Since the output of M depends on random input, as well as the input x, it is useful to define which random strings produce the correct output as A(x) = {r | M(x,r) accepts}. The key to the proof is to note that when x ∈ L, A(x) is very large and when x ∉ L, A(x) is very small. By using bitwise parity, ⊕, a set of transforms can be defined as A(x) ⊕ t={r ⊕ t | r ∈ A(x)}. The first main lemma of the proof shows that the union of a small finite number of these transforms will contain the entire space of random input strings. Using this fact, a Σ₂ sentence and a Π₂ sentence can be generated that is true if and only if x ∈ L (see conclusion).

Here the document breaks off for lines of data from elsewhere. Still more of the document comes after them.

lemma conjugate_mat_adjoint_mult_vec:
  assumes C: "C \<in> carrier_mat n k" and v: "v \<in> carrier_vec n"
  shows "conjugate (adj C *\<^sub>v v) = transpose_mat C *\<^sub>v conjugate v"
proof (rule eq_vecI)
  fix i assume "i < dim_vec (transpose_mat C *\<^sub>v conjugate v)"
  hence i: "i < k" using C by simp
  have "conjugate (adj C *\<^sub>v v) $ i = cnj (\<Sum>l = 0..<n. cnj (C $$ (l,i)) * v $ l)"
    using assms i by (simp add: scalar_prod_def)
  also have "\<dots> = (\<Sum>l = 0..<n. C $$ (l,i) * cnj (v $ l))"
    by simp
  also have "\<dots> = (transpose_mat C *\<^sub>v conjugate v) $ i"
    using assms i by (simp add: scalar_prod_def)
  finally show "conjugate (adj C *\<^sub>v v) $ i = (transpose_mat C *\<^sub>v conjugate v) $ i" .
qed (use assms in auto)

lemma cscalar_prod_mult_mat_vec:
  assumes C: "C \<in> carrier_mat n k" and v: "v \<in> carrier_vec n" and x: "x \<in> carrier_vec k"
  shows "conjugate v \<bullet> (C *\<^sub>v x) = conjugate (adj C *\<^sub>v v) \<bullet> x"
  unfolding conjugate_mat_adjoint_mult_vec[OF C v]
  by (rule transpose_vec_mult_scalar[OF C x, symmetric], use v in auto)

lemma congruence_mult_vec:
  assumes C: "C \<in> carrier_mat n k" and M: "M \<in> carrier_mat k k" and v: "v \<in> carrier_vec n"
  shows "(C * M * adj C) *\<^sub>v v = C *\<^sub>v (M *\<^sub>v (adj C *\<^sub>v v))"
proof -
  have w: "adj C *\<^sub>v v \<in> carrier_vec k" using mult_mat_vec_carrier[OF mat_adjoint_carrier[OF C] v] .
  have "(C * M * adj C) *\<^sub>v v = (C * M) *\<^sub>v (adj C *\<^sub>v v)"
    using C M v by (intro assoc_mult_mat_vec[of _ n k], auto)
  also have "\<dots> = C *\<^sub>v (M *\<^sub>v (adj C *\<^sub>v v))"
    using C M w by (intro assoc_mult_mat_vec[of _ n k], auto)
  finally show ?thesis .
qed

lemma cscalar_prod_congruence:
  assumes C: "C \<in> carrier_mat n k" and M: "M \<in> carrier_mat k k" and v: "v \<in> carrier_vec n"
  shows "conjugate v \<bullet> ((C * M * adj C) *\<^sub>v v) = conjugate (adj C *\<^sub>v v) \<bullet> (M *\<^sub>v (adj C *\<^sub>v v))"
  unfolding congruence_mult_vec[OF assms]
  by (rule cscalar_prod_mult_mat_vec[OF C v],
      use M mult_mat_vec_carrier[OF mat_adjoint_carrier[OF C] v] in simp)

lemma cscalar_prod_smult:
  "x \<in> carrier_vec n \<Longrightarrow> y \<in> carrier_vec n \<Longrightarrow>
   conjugate (a \<cdot>\<^sub>v x) \<bullet> (b \<cdot>\<^sub>v y) = cnj a * b * (conjugate x \<bullet> y)"
  by (simp add: scalar_prod_def sum_distrib_left ac_simps)

lemma left_inverse_mult_vec_eq_0:
  fixes E F :: "'a :: semiring_1 mat"
  assumes "E \<in> carrier_mat n n" "E * F = 1\<^sub>m n" "F \<in> carrier_mat n n" "v \<in> carrier_vec n"
    "F *\<^sub>v v = 0\<^sub>v n"
  shows "v = 0\<^sub>v n"
proof -
  have "(E * F) *\<^sub>v v = v" using assms(2,4) by simp
  then have "v = (E * F) *\<^sub>v v" ..
  also have "\<dots> = E *\<^sub>v (F *\<^sub>v v)" using assms by (intro assoc_mult_mat_vec, auto)
  finally show ?thesis using assms by (auto intro!: eq_vecI)
qed

lemma smult_mult_mat_vec:
  "A \<in> carrier_mat n m \<Longrightarrow> v \<in> carrier_vec m \<Longrightarrow> (k \<cdot>\<^sub>m A) *\<^sub>v v = k \<cdot>\<^sub>v (A *\<^sub>v v)"
  by (intro eq_vecI, auto simp: scalar_prod_def sum_distrib_left ac_simps)

lemma mat_eq_by_mult_vec:
  fixes A B :: "complex mat"
  assumes A: "A \<in> carrier_mat n n" and B: "B \<in> carrier_mat n n"
    and eq: "\<And>v. v \<in> carrier_vec n \<Longrightarrow> A *\<^sub>v v = B *\<^sub>v v"
  shows "A = B"
proof (rule eq_matI)
  fix i j assume "i < dim_row B" "j < dim_col B"
  hence i: "i < n" and j: "j < n" using B by auto
  have "A $$ (i,j) = (A *\<^sub>v unit_vec n j) $ i" using A i j by simp
  also have "\<dots> = (B *\<^sub>v unit_vec n j) $ i" using eq[of "unit_vec n j"] by simp
  also have "\<dots> = B $$ (i,j)" using B i j by simp
  finally show "A $$ (i,j) = B $$ (i,j)" .
qed (use A B in auto)


section \<open>Positive (semi)definite matrices\<close>

lemma psd_mat_carrier: "psd_mat n A \<Longrightarrow> A \<in> carrier_mat n n"
  unfolding psd_mat_def by auto

lemma pd_mat_carrier: "pd_mat n A \<Longrightarrow> A \<in> carrier_mat n n"
  unfolding pd_mat_def by auto

lemma psd_mat_adjoint: "psd_mat n A \<Longrightarrow> adj A = A"
  unfolding psd_mat_def hermitian_mat_def by auto

lemma pd_mat_adjoint: "pd_mat n A \<Longrightarrow> adj A = A"
  unfolding pd_mat_def hermitian_mat_def by auto

lemma pd_imp_psd_mat:
  assumes A: "pd_mat n A"
  shows "psd_mat n A"
proof -
  have "0 \<le> Re (conjugate v \<bullet> (A *\<^sub>v v))" if v: "v \<in> carrier_vec n" for v
  proof (cases "v = 0\<^sub>v n")
    case True
    then show ?thesis using pd_mat_carrier[OF A] by (simp add: scalar_prod_def)
  next
    case False
    then show ?thesis using A v unfolding pd_mat_def by (auto intro: less_imp_le)
  qed
  then show ?thesis using A unfolding pd_mat_def psd_mat_def by auto
qed

lemma hermitian_congruence:
  assumes "M \<in> carrier_mat k k" "adj M = M" "C \<in> carrier_mat n k"
  shows "hermitian_mat (C * M * adj C)"
proof -
  have "adj (C * M * adj C) = adj (adj C) * adj (C * M)"
    using assms by (intro mat_adjoint_mult[of _ n k], auto)
  also have "\<dots> = C * M * adj C"
    using assms by (simp add: mat_adjoint_mult[of C n k M k] assoc_mult_mat[of C n k M k "adj C" n])
  finally show ?thesis unfolding hermitian_mat_def .
qed

lemma psd_congruence:
  assumes M: "psd_mat k M" and C: "C \<in> carrier_mat n k"
  shows "psd_mat n (C * M * adj C)"
proof -
  have Mc: "M \<in> carrier_mat k k" using psd_mat_carrier[OF M] .
  have "0 \<le> Re (conjugate v \<bullet> ((C * M * adj C) *\<^sub>v v))" if v: "v \<in> carrier_vec n" for v
    unfolding cscalar_prod_congruence[OF C Mc v]
    using M mult_mat_vec_carrier[OF mat_adjoint_carrier[OF C] v] unfolding psd_mat_def by blast
  then show ?thesis unfolding psd_mat_def
    using hermitian_congruence[OF Mc psd_mat_adjoint[OF M] C] Mc C by auto
qed

lemma pd_congruence:
  assumes M: "pd_mat n M" and C: "C \<in> carrier_mat n n" and E: "E \<in> carrier_mat n n"
    and EC: "E * adj C = 1\<^sub>m n"
  shows "pd_mat n (C * M * adj C)"
proof -
  have Mc: "M \<in> carrier_mat n n" using pd_mat_carrier[OF M] .
  have "0 < Re (conjugate v \<bullet> ((C * M * adj C) *\<^sub>v v))"
    if v: "v \<in> carrier_vec n" and v0: "v \<noteq> 0\<^sub>v n" for v
  proof -
    have "adj C *\<^sub>v v \<noteq> 0\<^sub>v n"
      using left_inverse_mult_vec_eq_0[OF E EC _ v] C v0 by auto
    then show ?thesis unfolding cscalar_prod_congruence[OF C Mc v]
      using M mult_mat_vec_carrier[OF mat_adjoint_carrier[OF C] v] unfolding pd_mat_def by blast
  qed
  then show ?thesis unfolding pd_mat_def
    using hermitian_congruence[OF Mc pd_mat_adjoint[OF M] C] Mc C by auto
qed

lemma pd_convex_comb:
  assumes A: "pd_mat n A" and B: "pd_mat n B" and t: "0 \<le> t" "t \<le> 1"
  shows "pd_mat n (complex_of_real (1 - t) \<cdot>\<^sub>m A + complex_of_real t \<cdot>\<^sub>m B)"
proof -
  have Ac: "A \<in> carrier_mat n n" and Bc: "B \<in> carrier_mat n n" using A B pd_mat_carrier by auto
  let ?a = "complex_of_real (1 - t)" and ?b = "complex_of_real t"
  let ?C = "?a \<cdot>\<^sub>m A + ?b \<cdot>\<^sub>m B"
  have herm: "hermitian_mat ?C"
    using pd_mat_adjoint[OF A] pd_mat_adjoint[OF B] Ac Bc
    unfolding hermitian_mat_def by (simp add: mat_adjoint_add[of _ n n] mat_adjoint_smult)
  have "0 < Re (conjugate v \<bullet> (?C *\<^sub>v v))" if v: "v \<in> carrier_vec n" and v0: "v \<noteq> 0\<^sub>v n" for v
  proof -
    have "?C *\<^sub>v v = ?a \<cdot>\<^sub>v (A *\<^sub>v v) + ?b \<cdot>\<^sub>v (B *\<^sub>v v)"
      using Ac Bc v by (simp add: add_mult_distrib_mat_vec[of _ n n] smult_mult_mat_vec)
    then have "Re (conjugate v \<bullet> (?C *\<^sub>v v))
       = (1 - t) * Re (conjugate v \<bullet> (A *\<^sub>v v)) + t * Re (conjugate v \<bullet> (B *\<^sub>v v))"
      using Ac Bc v by (simp add: scalar_prod_add_distrib[of _ n])
    moreover have "Re (conjugate v \<bullet> (A *\<^sub>v v)) > 0" "Re (conjugate v \<bullet> (B *\<^sub>v v)) > 0"
      using A B v v0 unfolding pd_mat_def by auto
    ultimately show ?thesis using t
      by (smt (verit) mult_pos_pos mult_nonneg_nonneg)
  qed
  then show ?thesis unfolding pd_mat_def using herm Ac Bc by auto
qed


section \<open>Unitary matrices and the Schur decomposition\<close>

definition unitary_mat :: "nat \<Rightarrow> complex mat \<Rightarrow> bool" where
  "unitary_mat n U \<longleftrightarrow> U \<in> carrier_mat n n \<and> adj U * U = 1\<^sub>m n \<and> U * adj U = 1\<^sub>m n"
lemma pi_vec_nth: "pi_vec $ (u, v) =
    (if (u, v) = (i2, i1) \<or> u = i1 \<and> v \<in> Nc \<or> u \<in> Nc \<and> v = i1 then 1
     else if u = i2 \<and> v \<in> Nc \<or> (u, v) \<in> Nc_pairs then -1 else 0)"
proof -
  have "pi_vec $ (u, v) = of_bool ((u, v) = (i2, i1)) + of_bool (u = i1 \<and> v \<in> Nc)
      + of_bool (u \<in> Nc \<and> v = i1) - of_bool (u = i2 \<and> v \<in> Nc) - of_bool ((u, v) \<in> Nc_pairs)"
    unfolding pi_vec_def
    by (simp only: vector_minus_component vector_add_component sum.distrib sum_axis_nth
        sum_axis_row_nth sum_axis_column_nth) (simp add: axis_def)
  then show ?thesis
    using distinct by (auto simp: Nc_pairs_def)
qed

lemma inner_pi_vec: "pi_vec \<bullet> x = x $ (i2, i1) + (\<Sum>j\<in>Nc. x $ (i1, j) + x $ (j, i1))
    - (\<Sum>j\<in>Nc. x $ (i2, j)) - (\<Sum>p\<in>Nc_pairs. x $ p)"
  unfolding pi_vec_def
  by (simp add: inner_diff_left inner_add_left inner_sum_left inner_axis' sum.distrib)

lemma sum_Nc_pairs_symmetric:
  "2 * (\<Sum>p\<in>Nc_pairs. x $ p) = (\<Sum>p\<in>Nc_pairs. x $ p + x $ (snd p, fst p))"
  for x :: "real ^ ('n \<times> 'n)"
proof -
  have "(\<Sum>p\<in>Nc_pairs. x $ p) = (\<Sum>p\<in>Nc_pairs. x $ (snd p, fst p))"
    by (rule sum.reindex_bij_witness[where i = prod.swap and j = prod.swap])
       (auto simp: Nc_pairs_def)
  then show ?thesis
    by (simp add: sum.distrib)
qed

definition ties_i1 :: "('n \<times> 'n) set \<Rightarrow> 'n set" where
  "ties_i1 W = {j \<in> Nc. (i1, j) \<in> W \<and> (j, i1) \<in> W}"

lemma ties_i1_subset: "ties_i1 W \<subseteq> Nc"
  by (auto simp: ties_i1_def)
lemma digraph_iso_sym:
  assumes "digraph_iso m E F"
  shows "digraph_iso m F E"
proof -
  obtain \<pi> where \<pi>: "bij_betw \<pi> {..<m} {..<m}"
    and edges: "\<forall>u<m. \<forall>v<m. (u, v) \<in> E \<longleftrightarrow> (\<pi> u, \<pi> v) \<in> F"
    using assms by (auto simp: digraph_iso_def)
  let ?\<psi> = "inv_into {..<m} \<pi>"
  have "?\<psi> u < m" and "\<pi> (?\<psi> u) = u" if "u < m" for u
    using that bij_betw_inv_into_right[OF \<pi>] bij_betw_apply[OF bij_betw_inv_into[OF \<pi>]] by auto
  then have "\<forall>u<m. \<forall>v<m. (u, v) \<in> F \<longleftrightarrow> (?\<psi> u, ?\<psi> v) \<in> E"
    using edges by metis
  then show ?thesis
    using bij_betw_inv_into[OF \<pi>] by (auto simp: digraph_iso_def)
qed

lemma digraph_iso_trans:
  assumes "digraph_iso m E F" "digraph_iso m F G"
  shows "digraph_iso m E G"
proof -
  obtain \<pi> \<sigma> where \<pi>: "bij_betw \<pi> {..<m} {..<m}" "\<forall>u<m. \<forall>v<m. (u, v) \<in> E \<longleftrightarrow> (\<pi> u, \<pi> v) \<in> F"
    and \<sigma>: "bij_betw \<sigma> {..<m} {..<m}" "\<forall>u<m. \<forall>v<m. (u, v) \<in> F \<longleftrightarrow> (\<sigma> u, \<sigma> v) \<in> G"
    using assms by (auto simp: digraph_iso_def)
  have "\<forall>u<m. \<forall>v<m. (u, v) \<in> E \<longleftrightarrow> ((\<sigma> \<circ> \<pi>) u, (\<sigma> \<circ> \<pi>) v) \<in> G"
    using \<pi> \<sigma>(2) bij_betw_apply[OF \<pi>(1)] by simp
  then show ?thesis
    using bij_betw_trans[OF \<pi>(1) \<sigma>(1)] by (auto simp: digraph_iso_def)
qed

The general idea of lemma one is to prove that if A(x) covers a large part of the random space ${\displaystyle R=\{1,0\}^{|r|}}$ then there exists a small set of translations that will cover the entire random space. In more mathematical language:

If ${\displaystyle {\frac {|A(x)|}{|R|}}\geq 1-{\frac {1}{2^{|x|}}}}$, then ${\displaystyle \exists t_{1},t_{2},\ldots ,t_{|r|}}$, where ${\displaystyle t_{i}\in \{1,0\}^{|r|}}$ such that ${\displaystyle \bigcup _{i}A(x)\oplus t_{i}=R.}$

Proof. Randomly pick t₁, t₂, ..., t_|r|. Let ${\displaystyle S=\bigcup _{i}A(x)\oplus t_{i}}$ (the union of all transforms of A(x)).

So, for all r in R,

${\displaystyle \Pr[r\notin S]=\Pr[r\notin A(x)\oplus t_{1}]\cdot \Pr[r\notin A(x)\oplus t_{2}]\cdots \Pr[r\notin A(x)\oplus t_{|r|}]\leq {\frac {1}{2^{|x|\cdot |r|}}}.}$

The probability that there will exist at least one element in R not in S is

${\displaystyle \Pr {\Bigl [}\bigvee _{i}(r_{i}\notin S){\Bigr ]}\leq \sum _{i}{\frac {1}{2^{|x|\cdot |r|}}}={\frac {2^{|r|}}{2^{|x|\cdot |r|}}}<1.}$

Therefore

${\displaystyle \Pr[S=R]\geq 1-{\frac {2^{|r|}}{2^{|x|\cdot |r|}}}>0.}$

Thus there is a selection for each ${\displaystyle t_{1},t_{2},\ldots ,t_{|r|}}$ such that

${\displaystyle \bigcup _{i}A(x)\oplus t_{i}=R.}$

The previous lemma shows that A(x) can cover every possible point in the space using a small set of translations. Complementary to this, for x ∉ L only a small fraction of the space is covered by ${\displaystyle S=\bigcup _{i}A(x)\oplus t_{i}}$. We have:

${\displaystyle {\frac {|S|}{|R|}}\leq |r|\cdot {\frac {|A(x)|}{|R|}}\leq |r|\cdot 2^{-|x|}<1}$

because ${\displaystyle |r|}$ is polynomial in ${\displaystyle |x|}$.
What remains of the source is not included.